Published online February 27, 2025
 
Peanut allergy is one of the most common food allergies among children. While it has become increasingly prevalent, peanut allergy is typically not outgrown. Current approved treatment options are limited and highlight the need for new therapies that are practical, easy to use, and well tolerated over multiple years of use. Epicutaneous immunotherapy with the VIASKIN® peanut patch containing 250 µg peanut protein (VP250) is a potential peanut allergy treatment in clinical development that introduces a small amount of peanut allergen (approximately 1/1000 of 1 peanut kernel) onto intact skin to induce desensitization. By targeting the specialized immune cells of the skin, there is limited entry of peanut allergen to the bloodstream, thereby decreasing the risk of systemic allergic reactions.
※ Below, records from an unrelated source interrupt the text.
lemma exists_sign_changing_edge:
  assumes "lam \<noteq> 0" "x \<in> V" "f x \<noteq> 0"
  shows "\<exists>a b. adj E a b \<and> \<sigma> {a, b} * f a * f b \<le> 0"
proof (rule ccontr)
  assume "\<not> ?thesis"
  then have pos: "0 < \<sigma> {a, b} * f a * f b" if "adj E a b" for a b
    using that by force
  have "\<sigma> {a, b} * sgn (f b) - sgn (f a) = 0" if "adj E a b" for a b
    using sigma_unit[OF that] pos[OF that] by (auto simp: sgn_if zero_less_mult_iff)
  then have "lam * (\<Sum>x\<in>V. real (degree V E x) * sgn (f x) * phi p (f x)) = 0"
    by (simp add: eigen_equation_weak mem_neighbors_iff)
  moreover have "0 < (\<Sum>x\<in>V. real (degree V E x) * sgn (f x) * phi p (f x))"
    unfolding mult.assoc sgn_mult_phi
    using assms degree_pos by (intro sum_pos2[OF finite_V \<open>x \<in> V\<close>]) auto
  ultimately show False
    using \<open>lam \<noteq> 0\<close> by simp
qed

lemma abs_powr_le_walk_length_energy:
  assumes "connected_graph V E" "1 \<le> p" "lam \<noteq> 0" "x \<in> V" "f x \<noteq> 0"
  obtains L :: nat where "1 \<le> L" "2 * real L \<le> vol V E"
    "\<bar>f x\<bar> powr p \<le> real L powr (p - 1) * (lam * (\<Sum>y\<in>V. real (degree V E y) * \<bar>f y\<bar> powr p))"
proof -
  obtain a b where "adj E a b" "\<sigma> {a, b} * f a * f b \<le> 0"
    using exists_sign_changing_edge assms(3-5) by blast
  moreover have "\<sigma> {v, u} * f v * f u \<le> 0" if "\<sigma> {u, v} * f u * f v \<le> 0" for u v
    using that by (simp add: insert_commute mult_ac)
  ultimately obtain w n where w: "w 0 = x" "inj_on w {..Suc n}"
    and walk: "\<And>i. i \<le> n \<Longrightarrow> adj E (w i) (w (Suc i))"
    and sign_change: "\<sigma> {w n, w (Suc n)} * f (w n) * f (w (Suc n)) \<le> 0"
    using simple_walk_to_edge[OF assms(1,4), of a b "\<lambda>u v. \<sigma> {u, v} * f u * f v \<le> 0"] by blast
  have walk': "adj E (w i) (w (Suc i))" if "i < Suc n" for i
    using walk that by simp
  have "\<bar>f x\<bar> \<le> (\<Sum>i\<le>n. \<bar>grad (w i) (w (Suc i))\<bar>)"
    using abs_le_sum_abs_signed_diff[OF walk sign_change] w(1) by simp
  then have "\<bar>f x\<bar> powr p \<le> (\<Sum>i\<le>n. \<bar>grad (w i) (w (Suc i))\<bar>) powr p"
    using \<open>1 \<le> p\<close> by (intro powr_mono2) auto
  also have "\<dots> \<le> real (Suc n) powr (p - 1) * (\<Sum>i\<le>n. \<bar>grad (w i) (w (Suc i))\<bar> powr p)"
    using sum_powr_le_card_powr_sum[of "{..n}" "\<lambda>i. \<bar>grad (w i) (w (Suc i))\<bar>" p] \<open>1 \<le> p\<close> by simp
  also have "(\<Sum>i\<le>n. \<bar>grad (w i) (w (Suc i))\<bar> powr p)
      \<le> lam * (\<Sum>y\<in>V. real (degree V E y) * \<bar>f y\<bar> powr p)"
    using sum_simple_walk_le[OF w(2) walk', of "\<lambda>x y. \<bar>grad x y\<bar> powr p"]
    by (simp add: abs_grad_swap energy_identity lessThan_Suc_atMost)
  finally show thesis
    using simple_walk_length_le_vol[OF w(2) walk'] by (intro that[of "Suc n"]) (auto simp: mult_left_mono)
qed

lemma eigenvalue_lower_bound:
  assumes "connected_graph V E" "1 \<le> p" "lam \<noteq> 0" "\<exists>x\<in>V. f x \<noteq> 0"
  shows "(1/2) * (2 / vol V E) powr p \<le> lam"
proof -
  obtain x0 where "x0 \<in> V" and "Max ((\<lambda>x. \<bar>f x\<bar>) ` V) = \<bar>f x0\<bar>"
    using obtains_MAX[OF finite_V] assms(4) by blast
  then have max: "\<bar>f x\<bar> \<le> \<bar>f x0\<bar>" if "x \<in> V" for x
    using that finite_V by (metis Max_ge finite_imageI imageI)
  then have "f x0 \<noteq> 0"
    using assms(4) by force
  define K where "K = \<bar>f x0\<bar> powr p"
  define D where "D = (\<Sum>x\<in>V. real (degree V E x) * \<bar>f x\<bar> powr p)"
  define v where "v = vol V E"
  obtain L where "1 \<le> L" "2 * real L \<le> v" and K_le: "K \<le> real L powr (p - 1) * (lam * D)"
    using abs_powr_le_walk_length_energy[OF assms(1-3) \<open>x0 \<in> V\<close> \<open>f x0 \<noteq> 0\<close>]
    unfolding K_def D_def v_def by blast
  have "0 < K" "0 \<le> D" "0 < v"
    using \<open>f x0 \<noteq> 0\<close> \<open>1 \<le> L\<close> \<open>2 * real L \<le> v\<close> by (auto simp: K_def D_def intro: sum_nonneg)
  have D_le: "D \<le> v * K"
    unfolding D_def K_def v_def vol_def sum_distrib_right
    using \<open>1 \<le> p\<close> max by (intro sum_mono mult_left_mono powr_mono2) auto
  have "0 < lam * D"
  proof (rule ccontr)
    assume "\<not> 0 < lam * D"
    then have "real L powr (p - 1) * (lam * D) \<le> 0"
      by (simp add: mult_nonneg_nonpos)
    then show False
      using K_le \<open>0 < K\<close> by linarith
  qed
  then have "0 < lam"
    using \<open>0 \<le> D\<close> by (simp add: zero_less_mult_iff)
  have "K \<le> real L powr (p - 1) * (lam * D)"
    by (fact K_le)
  also have "\<dots> \<le> (v / 2) powr (p - 1) * (lam * D)"
    using \<open>2 * real L \<le> v\<close> \<open>1 \<le> p\<close> \<open>0 < lam * D\<close> by (intro mult_right_mono powr_mono2) auto
  also have "\<dots> \<le> (v / 2) powr (p - 1) * (lam * (v * K))"
    using D_le \<open>0 < lam\<close> by (intro mult_left_mono) auto
  finally have "1 \<le> (v / 2) powr (p - 1) * v * lam"
    using \<open>0 < K\<close> by (simp add: mult_ac)
  also have "(v / 2) powr (p - 1) * v = 2 * (v / 2) powr p"
    using \<open>0 < v\<close> by (simp add: powr_diff)
  finally have "1 / (2 * (v / 2) powr p) \<le> lam"
    using \<open>0 < v\<close> by (simp add: field_simps)
  moreover have "(2 / v) powr p = 1 / (v / 2) powr p"
    using powr_divide[of 1 "v / 2" p] \<open>0 < v\<close> by simp
  ultimately show ?thesis
    by (simp add: v_def)
qed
The phase 3 clinical trial REALISE assessed the long-term safety of VP250 in peanut-allergic children aged 4 through 11 years.

In a recent article in The Journal of Allergy and Clinical Immunology: In Practice, Pongracic et al. described the long-term results of REALISE. This large, phase 3 study in nearly 400 children included a 6-month period where participants received either VP250 or placebo, followed by a period where all eligible participants received VP250 for up to a total of 3 years of treatment. The study was designed to mirror anticipated real-world use of VP250, meaning that participants who met pre-specified diagnostic criteria for peanut allergy were not required to complete a double-blind, placebo-controlled food challenge to enter the study. This approach allowed children with a history of severe peanut anaphylaxis to be included. Safety was assessed by the investigators according to frequency, duration, severity, and treatment-relatedness of treatment-emergent adverse events.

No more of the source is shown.